UMA MULHER FANTÁSTICA (Una Mujer Fantástica, 2017, de Sebastián Lelio): Vencedor do Oscar 2018 de melhor filme estrangeiro, o chileno Uma Mulher Fantástica dá novo significado ao luto quando transfere o tema para a perspectiva de uma mulher transexual. Força e originalidade são extraídas do relato somente com essa mudança de cenário: afinal, é devastadora a situação em que se encontra Marina (Daniela Vega, ótima), proibida de viver quase todos os rituais do luto (o velório de seu parceiro, o abraço reconfortante da família) simplesmente por ser transexual. Mas o bacana de Uma Mulher Fantástica é não abordar a questão da sexualidade como panfletagem, preferindo negar sentimentos fáceis (ao contrário dos estereótipos, a protagonista é uma mulher independente, trabalhadora e talentosa) ou interferências sensoriais e estéticas — e, ainda assim, quando as evoca, o resultado é emblemático, como na sequência em que protagonista encara uma intensa ventania, uma clara metáfora da contracorrente diária que ela enfrenta na vida, ou como na cena em que ela, nua, coloca um espelho no meio das pernas, refletindo aquilo que a define: o rosto e não qualquer órgão genital que ela tenha ou deixe de ter. Uma Mulher Fantástica é de uma delicadeza tremenda — característica que o cinema de língua latina domina com maestria nos melhores exemplares que se encaixam em relatos como esse —, e a vitória no Oscar de filme estrangeiro é dupla: pela celebração da representatividade e pela excelência cinematográfica.

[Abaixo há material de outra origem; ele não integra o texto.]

lemma degenerate_dt_for_Term:
  assumes "\<forall>r\<in>rows T. c \<in> dec T r"
  shows "dt_for k T [Term c]"
  using assms unfolding dt_for_def ndt_for_def is_det_tree_def wf_tree_def tree_attrs_def tree_paths_def
  by (simp add: sub_rows_Nil)

lemma psi_d_degenerate: "degenerate T \<Longrightarrow> psi_d k \<psi> T \<le> \<psi> []"
  unfolding degenerate_def
  using psi_d_le_tree_cost[OF degenerate_dt_for_Term] by (fastforce simp: tree_cost_def tree_paths_def)

lemma degenerate_if_Nil_path:
  assumes "ndt_for k T \<Gamma>" and "\<xi> \<in> set (tree_paths \<Gamma>)" and "fst \<xi> = []"
  shows "degenerate T"
  using assms unfolding ndt_for_def degenerate_def by (metis sub_rows_Nil)

lemma det_tree_long_path:
  assumes dt: "dt_for k T \<Gamma>" and nondeg: "\<not> degenerate T"
    and indist: "\<And>x. x \<in> set (attrs T) \<Longrightarrow> \<exists>r1\<in>rows T. \<exists>r2\<in>rows T. dec T r1 \<inter> dec T r2 = {} \<and>
        (\<forall>i<length (attrs T). attrs T ! i = x \<longrightarrow> r1 ! i = r2 ! i)"
  obtains \<xi> where "\<xi> \<in> set (tree_paths \<Gamma>)" and "2 \<le> length (fst \<xi>)"
proof -
  have nd: "ndt_for k T \<Gamma>" and "is_det_tree \<Gamma>" using dt unfolding dt_for_def by blast+
  then obtain t where \<Gamma>: "\<Gamma> = [t]" unfolding is_det_tree_def by (auto simp: length_Suc_conv)
  have paths: "set (tree_paths \<Gamma>) = set (node_paths t)" unfolding \<Gamma> tree_paths_def by simp
  show ?thesis
  proof (cases t)
    case (Term c)
    then have "([], c) \<in> set (tree_paths \<Gamma>)" unfolding paths by simp
    then show ?thesis using degenerate_if_Nil_path[OF nd] nondeg by fastforce
  next
    case (Work x es)
    then have "x \<in> tree_attrs \<Gamma>" unfolding \<Gamma> tree_attrs_def by simp
    then have "x \<in> set (attrs T)" using nd unfolding ndt_for_def by blast
    then obtain r1 r2 where r1: "r1 \<in> rows T" and r2: "r2 \<in> rows T"
      and disj: "dec T r1 \<inter> dec T r2 = {}"
      and agree: "\<forall>i<length (attrs T). attrs T ! i = x \<longrightarrow> r1 ! i = r2 ! i"
      using indist by blast
    obtain \<xi> where \<xi>: "\<xi> \<in> set (tree_paths \<Gamma>)" and r1\<xi>: "r1 \<in> sub_rows T (fst \<xi>)"
      using nd r1 unfolding ndt_for_def by blast
    then obtain v \<beta> where \<xi>_eq: "fst \<xi> = (x, v) # \<beta>"
      unfolding paths Work set_node_paths_Work by auto
    have "\<beta> \<noteq> []"
    proof
      assume "\<beta> = []"
      then have "r2 \<in> sub_rows T (fst \<xi>)"
        using r1\<xi> r2 agree unfolding \<xi>_eq sub_rows_def by auto
      then have "snd \<xi> \<in> dec T r1 \<inter> dec T r2"
        using nd \<xi> r1\<xi> unfolding ndt_for_def by blast
      then show False using disj by blast
    qed
    then have "2 \<le> length (fst \<xi>)" using \<xi>_eq by (cases \<beta>) auto
    then show ?thesis using that \<xi> by blast
  qed
qed

section \<open>Tables within one block of attributes\<close>

definition block :: "nat \<Rightarrow> nat set" where
  "block m = {f. f div 3 = m}"

fun block_psi :: "nat list \<Rightarrow> nat" where
  "block_psi [] = 0"
| "block_psi [f] = 2 * (f div 3) + 1"
| "block_psi (f # g # w) = 2 * (f div 3) + 4"

definition block_class :: "nat set \<Rightarrow> nat dtable set" where
  "block_class S = (\<Union>m\<in>S. {T. in_M 2 (block m) T})"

VINGADORES: GUERRA INFINITA (Avengers: Infinity War, 2018, de Anthony e Joe Russo): Sucesso estratosférico de bilheteria e inclusive de comoção por parte da crítica, Vingadores: Guerra Infinita é o perfeito exemplo de como filmes de super heróis são uma verdadeira paixão. Para quem a tem, o que se vê é um filme inovador, marcante e corajoso. Já quando você não se empolga de forma equivalente, como é o meu caso, a situação é um mistério: no máximo bacana, Guerra Infinita não passa de outra diversão de momento. Com o grande mérito de demonstrar plena segurança em um ponto que poderia ser sua ruína — o timing e relevância de incontáveis personagens e universos —, o longa tem a seu favor um vilão de forte presença e que finalmente desperta algum sentimento de ameaça. Entretanto, além da duração tão demasiada quanto inevitável, Guerra Infinita frustra mesmo é quando, ironicamente, tenta colocar em prática as consequências da ameaça tão anunciada pelo vilão: o projeto tanto não tem culhões para traçar um destino drástico para determinado personagem quando sugere a chance quanto encerra essa primeira parte (outra virá em 2019) propondo certo pesar por uma situação que sabemos ser perfeitamente reversível, uma vez que incontáveis franquias já estão encomendadas para os próximos anos. Não precisávamos de um plot twist raso e até mesmo oportunista como esse.